Elon Musk will no longer take Tesla private
Tesla chief executive Elon Musk says he will no longer be taking the electric car maker private, just two weeks after saying he was considering a deal.
The plan was cancelled after a board meeting on Thursday, he wrote in a post published on the company's site.
Since Mr Musk announced his plan to delist Tesla, its share price has dropped by 20%.
He said he had told the board "that I believe the better path is for Tesla to remain public," and that they agreed.
Mr Musk, who owns about a fifth of the company, said he had spoken with shareholders and major banks to consider the privatisation but found the sentiment was "please don't do this".
Earlier this month, Elon Musk shocked investors by announcing on Twitter that he had funding secured to take Tesla private at a value of $72bn (£57bn).

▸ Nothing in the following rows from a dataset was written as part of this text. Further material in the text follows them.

lemma representative_imp_identifiable:
  assumes setting: "setting d M T D Tt Dt" and rep: "representative d M T D Tt"
  shows "identifiable d M T D Tt Dt"
  unfolding identifiable_def
proof (intro allI impI, elim conjE)
  interpret prob_space M
    using setting by (simp add: setting_def)
  have [measurable]: "T \<in> borel_measurable M" "Tt \<in> borel_measurable M"
    "D \<in> measurable M (count_space UNIV)" "Dt \<in> measurable M (count_space UNIV)"
    using setting by (auto simp: setting_def)
  have on_space: "\<And>\<omega>. \<omega> \<in> space M \<Longrightarrow> Tt \<omega> \<le> T \<omega> \<and>
      Dt \<omega> = D \<omega> * (if Tt \<omega> = T \<omega> then 1 else 0)"
    using setting by (simp add: setting_def)
  fix t j
  assume tJ: "t \<in> Jset M Tt" and j: "j \<in> {1..d}"
  have "cumhaz M Tt Dt j t = (\<integral>\<omega>. indicator {\<omega>\<in>space M. Dt \<omega> = j} \<omega> *
      (indicator {0<..t} (Tt \<omega>) / prob {\<omega>'\<in>space M. Tt \<omega> \<le> Tt \<omega>'}) \<partial>M)"
    by (rule cumhaz_eq_integral) measurable
  also have "\<dots> = (\<integral>\<omega>. indicator {\<omega>\<in>space M. D \<omega> = j \<and> Tt \<omega> = T \<omega>} \<omega> *
      (indicator {0<..t} (T \<omega>) / prob {\<omega>'\<in>space M. T \<omega> \<le> Tt \<omega>'}) \<partial>M)"
    using on_space j by (intro Bochner_Integration.integral_cong) (auto simp: indicator_def)
  also have "\<dots> = (\<integral>\<omega>. indicator {\<omega>\<in>space M. D \<omega> = j} \<omega> *
      (indicator {0<..t} (T \<omega>) / prob {\<omega>'\<in>space M. T \<omega> \<le> T \<omega>'}) \<partial>M)"
    using on_space by (intro integral_uncensored_eq[OF _ _ _ _ rep j tJ]) auto
  also have "\<dots> = cumhaz M T D j t"
    by (rule cumhaz_eq_integral[symmetric]) measurable
  finally show "cumhaz M Tt Dt j t = cumhaz M T D j t" .
qed

definition example_M :: "real measure" where
  "example_M = measure_pmf (pmf_of_set {0, 1})"

definition example_T :: "real \<Rightarrow> real" where
  "example_T \<omega> = (if \<omega> = 0 then 2 else 3)"

definition example_Tt :: "real \<Rightarrow> real" where
  "example_Tt \<omega> = (if \<omega> = 0 then 1 else 1 / 2)"

lemma space_example_M[simp]: "space example_M = UNIV" and sets_example_M[simp]: "sets example_M = UNIV"
  by (simp_all add: example_M_def)

lemma prob_space_example_M: "prob_space example_M"
  unfolding example_M_def by (rule prob_space_measure_pmf)

lemma measure_example_M: "measure example_M A = card ({0, 1} \<inter> A) / 2"
  unfolding example_M_def by (subst measure_pmf_of_set) auto

lemma setting_example: "d \<ge> 1 \<Longrightarrow> setting d example_M example_T (\<lambda>_. 1) example_Tt (\<lambda>_. 0)"
  unfolding setting_def using prob_space_example_M
  by (auto simp: example_M_def example_T_def example_Tt_def)

lemma identifiable_example: "identifiable d example_M example_T (\<lambda>_. 1) example_Tt (\<lambda>_. 0)"
  unfolding identifiable_def
proof (intro allI impI, elim conjE)
  interpret prob_space example_M
    by (rule prob_space_example_M)
  fix t j
  assume "t \<in> Jset example_M example_Tt" and "j \<in> {1..d}"
  have "t < 1"
  proof (rule ccontr)
    assume "\<not> t < 1"
    then have "{\<omega>\<in>space example_M. t < example_Tt \<omega>} = {}"
      by (auto simp: example_Tt_def)
    then show False
      using \<open>t \<in> Jset example_M example_Tt\<close> by (simp add: Jset_def survival_def)
  qed
  then have "indicator {0<..t} (example_T \<omega>) = (0::real)" for \<omega>
    by (simp add: example_T_def indicator_def)
  then show "cumhaz example_M example_Tt (\<lambda>_. 0) j t = cumhaz example_M example_T (\<lambda>_. 1) j t"
    using \<open>j \<in> {1..d}\<close> by (subst (1 2) cumhaz_eq_integral) (simp_all add: example_M_def)
qed

lemma not_representative_example: "d \<ge> 1 \<Longrightarrow> \<not> representative d example_M example_T (\<lambda>_. 1) example_Tt"
proof
  assume "d \<ge> 1" and "representative d example_M example_T (\<lambda>_. 1) example_Tt"
  moreover have "1 / 2 \<in> Jset example_M example_Tt"
  proof -
    have "{\<omega>\<in>space example_M. 1 / 2 < example_Tt \<omega>} = {0}"
      by (auto simp: example_Tt_def)
    then show ?thesis
      by (simp add: Jset_def survival_def measure_example_M)
  qed
  ultimately have "condprob example_M {\<omega>\<in>space example_M. example_T \<omega> \<le> 2} {\<omega>\<in>space example_M. example_Tt \<omega> > 1 / 2}
      = condprob example_M {\<omega>\<in>space example_M. example_T \<omega> \<le> 2} {\<omega>\<in>space example_M. example_T \<omega> > 1 / 2}"
    unfolding representative_def by (elim allE[of _ 2] allE[of _ "1 / 2"] allE[of _ 1]) simp
  moreover have "{\<omega>\<in>space example_M. example_T \<omega> \<le> 2} = {0}"
    "{\<omega>\<in>space example_M. example_Tt \<omega> > 1 / 2} = {0}"
    "{\<omega>\<in>space example_M. example_T \<omega> > 1 / 2} = UNIV"
    by (auto simp: example_T_def example_Tt_def)
  ultimately show False
    by (simp add: condprob_def measure_example_M)
qed

theorem proposition4:
  fixes d :: nat
  assumes "d \<ge> 1"
  shows "(\<forall>(M :: 'a measure) T D Tt Dt.
            setting d M T D Tt Dt \<longrightarrow> representative d M T D Tt \<longrightarrow>
            identifiable d M T D Tt Dt)
       \<and> (\<exists>(M :: real measure) T D Tt Dt.
            setting d M T D Tt Dt \<and> identifiable d M T D Tt Dt \<and>
            \<not> representative d M T D Tt)"
  using representative_imp_identifiable setting_example[OF assms] identifiable_example
    not_representative_example[OF assms]
  by blast

end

The lawsuits are still continuing against Mr Musk despite his cancellation of the privatisation plan, as is an investigation by the US Securities and Exchange Commission to see if the tweet broke securities laws.
The billionaire entrepreneur has complained since floating the company on the stock market that quarterly scrutiny of Tesla's finances encourages short-term thinking.
But in a follow up tweet after his blog post, he said talks with shareholders had persuaded him otherwise.
Tesla shares rose sharply on 7 August following Mr Musk's suggestion he would take Tesla private, but have continued to fall since then.
The slide has been good news for short sellers, who bet that Tesla's share price would fall.
Mr Musk has a well-known dislike of short sellers, whom he has called "jerks who want us to die" and has argued that taking Tesla off the stock exchange would shield it from their attacks.
Shares fell even further after Mr Musk gave an emotional interview to the New York Times, in which he said he was working 120 hour weeks and had been using sedatives.
Tesla directors reportedly told him to restrict his use of Twitter in recent days, according to the paper.
Tesla has faced growing financial pressures this year as it works to build more of its Model 3 cars.
On 1 August, as Tesla reported another record loss, Mr Musk said he expected the company to be profitable in the second half of 2018 and every quarter going forward.
But there is growing scepticism that Tesla can pull it off.
The company delighted investors with a surprise first quarter profit in 2013 thanks to sales of its Model S car - at the time the first profit in the company's history.